▸ WHAT YOU SHOULD DO:
Set down the final part of the listing, which starts at the line containing "its continuity points" and runs to the last line, exactly and completely.

▸ DATASET EXCERPTS:
lemma subdiff_fconj:
  assumes "s \<in> subdiff \<theta> x" and "\<bar>\<theta> x\<bar> \<noteq> \<infinity>"
  shows "x \<in> subdiff (fconj \<theta>) s"
proof -
  obtain T where T: "\<theta> x = ereal T" using assms(2) by (cases "\<theta> x") auto
  have "fconj \<theta> s + ereal (x \<bullet> (s' - s)) \<le> fconj \<theta> s'" for s'
    using fconj_eq_of_subdiff[OF assms(1) T] fconj_ge[of s' x \<theta>] T
    by (simp add: inner_commute inner_diff_right)
  then show ?thesis by (simp add: subdiff_iff)
qed

lemma subdiff_comp_linear:
  fixes B :: "'a::euclidean_space \<Rightarrow> 'b::euclidean_space"
  assumes "linear B" and "t \<in> subdiff \<phi> (B z)"
  shows "adjoint B t \<in> subdiff (\<lambda>z. \<phi> (B z)) z"
proof -
  have "adjoint B t \<bullet> (z' - z) = t \<bullet> (B z' - B z)" for z'
    using adjoint_works[OF assms(1)] linear_diff[OF assms(1)] by (metis inner_commute)
  with assms(2) show ?thesis by (simp add: subdiff_iff)
qed

lemma adjoint_neg_adjoint:
  fixes A :: "'a::euclidean_space \<Rightarrow> 'b::euclidean_space"
  assumes "linear A"
  shows "adjoint (\<lambda>z. - adjoint A z) = (\<lambda>x. - A x)"
  by (rule adjoint_unique) (simp add: adjoint_works[OF assms] inner_commute)

lemma linear_neg_adjoint:
  fixes A :: "'a::euclidean_space \<Rightarrow> 'b::euclidean_space"
  shows "linear A \<Longrightarrow> linear (\<lambda>y. - adjoint A y)"
  by (simp add: adjoint_linear linear_compose_neg)

lemma subdiff_h1:
  fixes M :: "'a::euclidean_space \<Rightarrow> 'c::euclidean_space"
  assumes "linear M" and "- adjoint M z \<in> subdiff f u" and "\<bar>f u\<bar> \<noteq> \<infinity>"
  shows "- M u \<in> subdiff (h1 f M) z" and "\<bar>h1 f M z\<bar> \<noteq> \<infinity>"
proof -
  from subdiff_comp_linear[OF linear_neg_adjoint[OF assms(1)] subdiff_fconj[OF assms(2,3)]]
  show "- M u \<in> subdiff (h1 f M) z"
    by (simp add: h1_def[abs_def] adjoint_neg_adjoint[OF assms(1)])
  show "\<bar>h1 f M z\<bar> \<noteq> \<infinity>"
    using assms(3) fconj_eq_of_subdiff[OF assms(2)] by (cases "f u") (auto simp: h1_def)
qed
(* Let $\alpha>0$, let $X_{0-}$ be a real-valued random variable and let $Z$ be a continuous stochastic process with $Z_0=0$, independent of $X_{0-}$, satisfying the crossing property (see context). For $\ell\in M$ define $X_t[\ell]=X_{0-}+Z_t-\alpha\ell_t$, $\tau[\ell]=\inf\{t\ge0:X_t[\ell]\le0\}$ and $\Gamma[\ell]_t=\mathbb{P}(\tau[\ell]\le t)$. Then the operator $\Gamma:M\to M$ is continuous.
   Context: Crossing property: for every stopping time $\tau$ with respect to the natural filtration of $X_{0-}+Z$ and every $h>0$, $\mathbb{P}(\tau<\infty,\ \inf_{0\le s\le h}(Z_{\tau+s}-Z_\tau)=0)=0$. $M$ is the set of càdlàg increasing functions $\ell:\overline{\mathbb{R}}\to[0,1]$ ($\overline{\mathbb{R}}$ the two-point compactification of $\mathbb{R}$) with $\ell_{0-}=0$ and $\ell_\infty=1$, with the topology: $\ell^n\to\ell$ iff $\ell^n_t\to\ell_t$ for all $t\in[0,\infty]$ at which $\ell$ is continuous. *)

theory Defs
  imports "HOL-Probability.Probability"
begin

definition Mset :: "(ereal \<Rightarrow> real) set" where
  "Mset = {l. mono l \<and> (\<forall>t. 0 \<le> l t \<and> l t \<le> 1)
            \<and> (\<forall>t. continuous (at_right t) l)
            \<and> (\<forall>t. \<exists>L. (l \<longlongrightarrow> L) (at_left t))
            \<and> (l \<longlongrightarrow> 0) (at_left 0)
            \<and> l \<infinity> = 1}"

definition Mconv :: "(nat \<Rightarrow> ereal \<Rightarrow> real) \<Rightarrow> (ereal \<Rightarrow> real) \<Rightarrow> bool" where
  "Mconv ls l \<longleftrightarrow> (\<forall>t. 0 \<le> t \<longrightarrow> isCont l t \<longrightarrow> (\<lambda>n. ls n t) \<longlonglongrightarrow> l t)"

definition nat_filt :: "'w measure \<Rightarrow> (real \<Rightarrow> 'w \<Rightarrow> real) \<Rightarrow> real \<Rightarrow> 'w measure" where
  "nat_filt P Y t = sigma (space P)
     {Y s -` B \<inter> space P | s B. 0 \<le> s \<and> s \<le> t \<and> B \<in> sets borel}"

definition is_stopping_time :: "'w measure \<Rightarrow> (real \<Rightarrow> 'w \<Rightarrow> real) \<Rightarrow> ('w \<Rightarrow> ereal) \<Rightarrow> bool" where
  "is_stopping_time P Y T \<longleftrightarrow> (\<forall>\<omega>\<in>space P. 0 \<le> T \<omega>) \<and>
     (\<forall>t::real. 0 \<le> t \<longrightarrow> {\<omega> \<in> space P. T \<omega> \<le> ereal t} \<in> sets (nat_filt P Y t))"

definition crossing_property :: "'w measure \<Rightarrow> ('w \<Rightarrow> real) \<Rightarrow> (real \<Rightarrow> 'w \<Rightarrow> real) \<Rightarrow> bool" where
  "crossing_property P X0 Z \<longleftrightarrow>
     (\<forall>T h. is_stopping_time P (\<lambda>t \<omega>. X0 \<omega> + Z t \<omega>) T \<and> 0 < h \<longrightarrow>
        measure P {\<omega> \<in> space P. T \<omega> < \<infinity> \<and>
          (INF s\<in>{0..h}. Z (real_of_ereal (T \<omega>) + s) \<omega> - Z (real_of_ereal (T \<omega>)) \<omega>) = 0} = 0)"


definition tau :: "('w \<Rightarrow> real) \<Rightarrow> (real \<Rightarrow> 'w \<Rightarrow> real) \<Rightarrow> real \<Rightarrow> (ereal \<Rightarrow> real) \<Rightarrow> 'w \<Rightarrow> ereal" where
  "tau X0 Z \<alpha> l \<omega> = Inf {ereal t | t. 0 \<le> t \<and> X0 \<omega> + Z t \<omega> - \<alpha> * l (ereal t) \<le> 0}"

definition Gamma :: "'w measure \<Rightarrow> ('w \<Rightarrow> real) \<Rightarrow> (real \<Rightarrow> 'w \<Rightarrow> real) \<Rightarrow> real \<Rightarrow> (ereal \<Rightarrow> real) \<Rightarrow> ereal \<Rightarrow> real" where
  "Gamma P X0 Z \<alpha> l t = measure P {\<omega> \<in> space P. tau X0 Z \<alpha> l \<omega> \<le> t}"

end

theory Submission
  imports Defs
begin

(* Along a fixed path y = X0 + Z, the hitting time tau[l] depends on l only through the sign of
   X_t[l] = y t - alpha l_t. If l^n -> l in M, any limit of times at which X[l^n] is (nearly)
   nonpositive is a time at which X[l] is nonpositive, since l is monotone, right-continuous and
   its continuity points are dense; hence tau[l^n] > t eventually whenever tau[l] > t.
   Conversely, if the path drops strictly below its value immediately after tau[l] < t, then
   X[l] is strictly negative at some continuity point c < t of l, a strict inequality that
   survives the passage to l^n, so tau[l^n] <= t eventually. The crossing property says that
   such a drop happens almost surely, and at a continuity point t of Gamma[l] the event
   tau[l] = t is null. So the indicators of {tau[l^n] <= t} converge almost surely, and
   dominated convergence gives Gamma[l^n]_t -> Gamma[l]_t. Path continuity reduces
   {tau[l] <= t} to countably many times, which makes tau[l] a stopping time; that Gamma[l]
   lies in M is the usual regularity of a distribution function. *)

section \<open>The space M\<close>

lemma MsetD:
  assumes "l \<in> Mset"
  shows "mono l" "0 \<le> l t" "l t \<le> 1" "continuous (at_right t) l" "l \<infinity> = 1"
  using assms unfolding Mset_def by auto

▸ PROBLEM SOLUTION:
   its continuity points are dense; hence tau[l^n] > t eventually whenever tau[l] > t.
   Conversely, if the path drops strictly below its value immediately after tau[l] < t, then
   X[l] is strictly negative at some continuity point c < t of l, a strict inequality that
   survives the passage to l^n, so tau[l^n] <= t eventually. The crossing property says that
   such a drop happens almost surely, and at a continuity point t of Gamma[l] the event
   tau[l] = t is null. So the indicators of {tau[l^n] <= t} converge almost surely, and
   dominated convergence gives Gamma[l^n]_t -> Gamma[l]_t. Path continuity reduces
   {tau[l] <= t} to countably many times, which makes tau[l] a stopping time; that Gamma[l]
   lies in M is the usual regularity of a distribution function. *)

section \<open>The space M\<close>

lemma MsetD:
  assumes "l \<in> Mset"
  shows "mono l" "0 \<le> l t" "l t \<le> 1" "continuous (at_right t) l" "l \<infinity> = 1"
  using assms unfolding Mset_def by auto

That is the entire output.